# [Task to carry out]
Hunt through the lines below for the string "start" and copy each one that has it.

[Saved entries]

text \<open>Fix \<open>\<epsilon> > 0\<close> and compare the error \<open>e = x - x'\<close> with the barrier
  \<open>w(t) = (\<parallel>\<theta> - \<theta>'\<parallel> + \<epsilon>) exp (\<integral>\<^sub>t\<^sub>0\<^sup>t k)\<close>, which solves \<open>w' = k w\<close> and is nondecreasing.
  On \<open>[\<gamma>, t\<^sub>0]\<close> the error is below \<open>w\<close>. At a first time where \<open>\<parallel>e\<parallel>\<close> reached \<open>w\<close>, all
  delayed arguments \<open>g\<^sub>j(s) \<le> s\<close> still lie in the region where \<open>\<parallel>e\<parallel> < w\<close>, so the Lipschitz bound
  gives \<open>\<parallel>e'\<parallel> \<le> k w = w'\<close>, and the mean value inequality shows that \<open>\<parallel>e\<parallel>\<close> cannot have
  caught up with \<open>w\<close>. Letting \<open>\<epsilon> \<rightarrow> 0\<close> gives the estimate.\<close>

lemma maxnorm_le_iff: "maxnorm z \<le> c \<longleftrightarrow> (\<forall>j. norm (z j) \<le> c)"
  unfolding maxnorm_def by (simp add: Max_le_iff)

lemma maxnorm_const [simp]: "maxnorm (\<lambda>j::'m::finite. v) = norm v"
  unfolding maxnorm_def by simp

lemma Icc_subset_hoiv: "ereal b < \<beta> \<Longrightarrow> {a..b} \<subseteq> hoiv a \<beta>"
  unfolding hoiv_def by (auto intro: order.strict_trans1[rotated])

lemma bdd_above_norm_image:
  fixes e :: "real \<Rightarrow> 'a::real_normed_vector"
  assumes "continuous_on {a..b} e"
  shows "bdd_above ((\<lambda>s. norm (e s)) ` {a..b})"
  by (intro bounded_imp_bdd_above compact_imp_bounded compact_continuous_image
      continuous_intros assms compact_Icc)

lemma integral_le_integral_longer:
  fixes k :: "real \<Rightarrow> real"
  assumes "continuous_on {a..c} k" "\<And>s. s \<in> {a..c} \<Longrightarrow> 0 \<le> k s" "b \<le> b'" "b' \<le> c"
  shows "integral {a..b} k \<le> integral {a..b'} k"
proof (rule integral_subset_le)
  show "k integrable_on {a..b}" "k integrable_on {a..b'}"
    using assms by (auto intro!: integrable_continuous_interval elim: continuous_on_subset)
qed (use assms in auto)

lemma norm_less_barrier:
  fixes e :: "real \<Rightarrow> 'a::real_normed_vector" and w :: "real \<Rightarrow> real"
  assumes e_cont: "continuous_on {a..b} e" and w_cont: "continuous_on {a..b} w"
    and start: "norm (e a) < w a"
    and e_deriv: "\<And>t. a < t \<Longrightarrow> t < b \<Longrightarrow> (e has_vector_derivative e' t) (at t)"
    and w_deriv: "\<And>t. a < t \<Longrightarrow> t < b \<Longrightarrow> (w has_real_derivative w' t) (at t)"
    and deriv_bound: "\<And>t. a < t \<Longrightarrow> t < b \<Longrightarrow> (\<forall>s\<in>{a..t}. norm (e s) < w s) \<Longrightarrow>
                        norm (e' t) \<le> w' t"
    and t: "t \<in> {a..b}"
  shows "norm (e t) < w t"
proof (rule ccontr)
  assume "\<not> norm (e t) < w t"
  define S where "S = {a..b} \<inter> (\<lambda>s. w s - norm (e s)) -` {..0}"
  have "t \<in> S" using t \<open>\<not> norm (e t) < w t\<close> unfolding S_def by auto
  moreover have "closed S"
    unfolding S_def by (intro continuous_closed_preimage continuous_intros e_cont w_cont)
  moreover have bdd: "bdd_below S" unfolding S_def by (rule bdd_belowI[of _ a]) auto
  ultimately have "Inf S \<in> S" using closed_contains_Inf by blast
  define t1 where "t1 = Inf S"
  have t1: "a \<le> t1" "t1 \<le> b" "w t1 \<le> norm (e t1)"
    using \<open>Inf S \<in> S\<close> unfolding t1_def S_def by auto
  have below: "norm (e s) < w s" if "a \<le> s" "s < t1" for s
  proof (rule ccontr)
    assume "\<not> norm (e s) < w s"
    then have "s \<in> S" using that t1 unfolding S_def by auto
    then show False using cInf_lower[OF _ bdd] that unfolding t1_def by fastforce
  qed
  have "a < t1" using t1 start by (cases "a = t1") auto
  have "norm (e t1 - e a) \<le> w t1 - w a"
  proof (rule differentiable_bound_general[OF \<open>a < t1\<close>])
    show "continuous_on {a..t1} e" "continuous_on {a..t1} w"
      using e_cont w_cont t1 by (auto elim: continuous_on_subset)
  next
    fix s assume s: "a < s" "s < t1"
    then show "(e has_vector_derivative e' s) (at s)" using e_deriv t1 by simp
    show "(w has_vector_derivative w' s) (at s)"
      using w_deriv s t1 by (simp add: has_real_derivative_iff_has_vector_derivative)
    show "norm (e' s) \<le> w' s" using deriv_bound s t1 below by auto
  qed
  then have "norm (e t1) \<le> norm (e a) + (w t1 - w a)"
    using norm_triangle_sub[of "e t1" "e a"] by simp
  then show False using start t1(3) by simp
qed

lemma delay_gronwall_strict:
  fixes e e' :: "real \<Rightarrow> 'a::real_normed_vector" and k :: "real \<Rightarrow> real"
  assumes "\<gamma> \<le> t0" "t0 \<le> T"
    and e_cont: "continuous_on {\<gamma>..T} e"
    and k_cont: "continuous_on {t0..T} k" and k_nonneg: "\<And>s. s \<in> {t0..T} \<Longrightarrow> 0 \<le> k s"
    and initial: "\<And>s. s \<in> {\<gamma>..t0} \<Longrightarrow> norm (e s) < c"
    and e_deriv: "\<And>t. t0 < t \<Longrightarrow> t < T \<Longrightarrow> (e has_vector_derivative e' t) (at t)"
    and deriv_bound: "\<And>t. t0 < t \<Longrightarrow> t < T \<Longrightarrow> norm (e' t) \<le> k t * (SUP s\<in>{\<gamma>..t}. norm (e s))"
  shows "norm (e T) < c * exp (integral {t0..T} k)"
proof -
  define K where "K s = integral {t0..s} k" for s
  define w where "w s = c * exp (K s)" for s
  have "0 < c" using initial[of t0] \<open>\<gamma> \<le> t0\<close> by (auto intro: le_less_trans[OF norm_ge_zero])
  have K_deriv: "(K has_real_derivative k s) (at s within {t0..T})" if "s \<in> {t0..T}" for s
    unfolding K_def by (rule integral_has_real_derivative[OF k_cont that])
  have w_mono: "w s \<le> w s'" if "s \<le> s'" "s' \<le> T" for s s'
    using integral_le_integral_longer[OF k_cont k_nonneg that] \<open>0 < c\<close>
    unfolding w_def K_def by simp
  have c_le_w: "c \<le> w s" if "t0 \<le> s" "s \<le> T" for s
    using w_mono[OF that] by (simp add: w_def K_def)
  have "continuous_on {t0..T} w"
    unfolding w_def using K_deriv
    by (intro continuous_intros)
       (meson DERIV_continuous continuous_on_eq_continuous_within)
  moreover have "(w has_real_derivative k t * w t) (at t)" if "t0 < t" "t < T" for t
  proof -
    have "(K has_real_derivative k t) (at t)"
      using K_deriv[of t] that by (simp add: at_within_Icc_at)
    then show ?thesis
      unfolding w_def[abs_def] by (auto intro!: derivative_eq_intros)
  qed
  moreover have "norm (e' t) \<le> k t * w t"
    if t: "t0 < t" "t < T" and below: "\<forall>s\<in>{t0..t}. norm (e s) < w s" for t
  proof -
    have "norm (e s) \<le> w t" if "s \<in> {\<gamma>..t}" for s
    proof (cases "s \<le> t0")
      case True
      then show ?thesis using initial[of s] c_le_w[of t] that t by fastforce
    next
      case False
      then have "norm (e s) < w s" using below that by auto
      then show ?thesis using w_mono[of s t] that t by fastforce
    qed
    then have "(SUP s\<in>{\<gamma>..t}. norm (e s)) \<le> w t"
      using t \<open>\<gamma> \<le> t0\<close> by (intro cSUP_least) auto
    then have "k t * (SUP s\<in>{\<gamma>..t}. norm (e s)) \<le> k t * w t"
      using k_nonneg[of t] t by (intro mult_left_mono) auto
    then show ?thesis using deriv_bound[OF t] by linarith
  qed
  moreover have "norm (e t0) < w t0"
    using initial[of t0] \<open>\<gamma> \<le> t0\<close> by (simp add: w_def K_def)
  ultimately have "norm (e T) < w T"
    using e_cont e_deriv \<open>\<gamma> \<le> t0\<close> \<open>t0 \<le> T\<close>
    by (intro norm_less_barrier[where e' = e']) (auto elim: continuous_on_subset)
  then show ?thesis by (simp add: w_def K_def)
qed

lemma delay_gronwall:
  fixes e e' :: "real \<Rightarrow> 'a::real_normed_vector" and k :: "real \<Rightarrow> real"
  assumes "\<gamma> \<le> t0" "t0 \<le> T"
    and e_cont: "continuous_on {\<gamma>..T} e"
    and k_cont: "continuous_on {t0..T} k" and k_nonneg: "\<And>s. s \<in> {t0..T} \<Longrightarrow> 0 \<le> k s"
    and initial: "\<And>s. s \<in> {\<gamma>..t0} \<Longrightarrow> norm (e s) \<le> M"
    and e_deriv: "\<And>t. t0 < t \<Longrightarrow> t < T \<Longrightarrow> (e has_vector_derivative e' t) (at t)"
    and deriv_bound: "\<And>t. t0 < t \<Longrightarrow> t < T \<Longrightarrow> norm (e' t) \<le> k t * (SUP s\<in>{\<gamma>..t}. norm (e s))"
  shows "norm (e T) \<le> M * exp (integral {t0..T} k)"
proof (rule field_le_epsilon)
  fix d :: real assume "0 < d"
  define E where "E = exp (integral {t0..T} k)"
  have "0 < d / E" using \<open>0 < d\<close> by (simp add: E_def)
  then have initial_strict: "norm (e s) < M + d / E" if "s \<in> {\<gamma>..t0}" for s
    using initial[OF that] by linarith
  have "norm (e T) < (M + d / E) * exp (integral {t0..T} k)"
    by (rule delay_gronwall_strict[OF assms(1-5) initial_strict assms(7,8)])
  also have "\<dots> = M * E + d"
    by (simp add: E_def distrib_right)
  finally show "norm (e T) \<le> M * E + d" by simp
qed

lemma is_delay_solution_has_vector_derivative_at:
  assumes "is_delay_solution f g D \<gamma> t0 \<beta> \<theta> x" "t0 < t" "ereal t < \<beta>"
  shows "(x has_vector_derivative f t (\<lambda>j. x (g j t))) (at t)"
proof -
  obtain T where "ereal t < ereal T" "ereal T < \<beta>"
    using ereal_dense2[OF \<open>ereal t < \<beta>\<close>] by blast
  then have "t < T" by simp
  have "{t0<..<T} \<subseteq> {t0..T}" by auto
  then have sub: "{t0<..<T} \<subseteq> hoiv t0 \<beta>"
    using Icc_subset_hoiv[OF \<open>ereal T < \<beta>\<close>] by (rule subset_trans)
  have "t \<in> hoiv t0 \<beta>"
    using assms(2,3) unfolding hoiv_def by simp
  then have "(x has_vector_derivative f t (\<lambda>j. x (g j t))) (at t within hoiv t0 \<beta>)"
    using assms(1) unfolding is_delay_solution_def by blast
  then have "(x has_vector_derivative f t (\<lambda>j. x (g j t))) (at t within {t0<..<T})"
    using sub by (rule has_vector_derivative_within_subset)
  moreover have "at t within {t0<..<T} = at t"
    using \<open>t0 < t\<close> \<open>t < T\<close> by (intro at_within_open) auto
  ultimately show ?thesis by simp
qed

# [Task result]
    and start: "norm (e a) < w a"
  have "a < t1" using t1 start by (cases "a = t1") auto
  then show False using start t1(3) by simp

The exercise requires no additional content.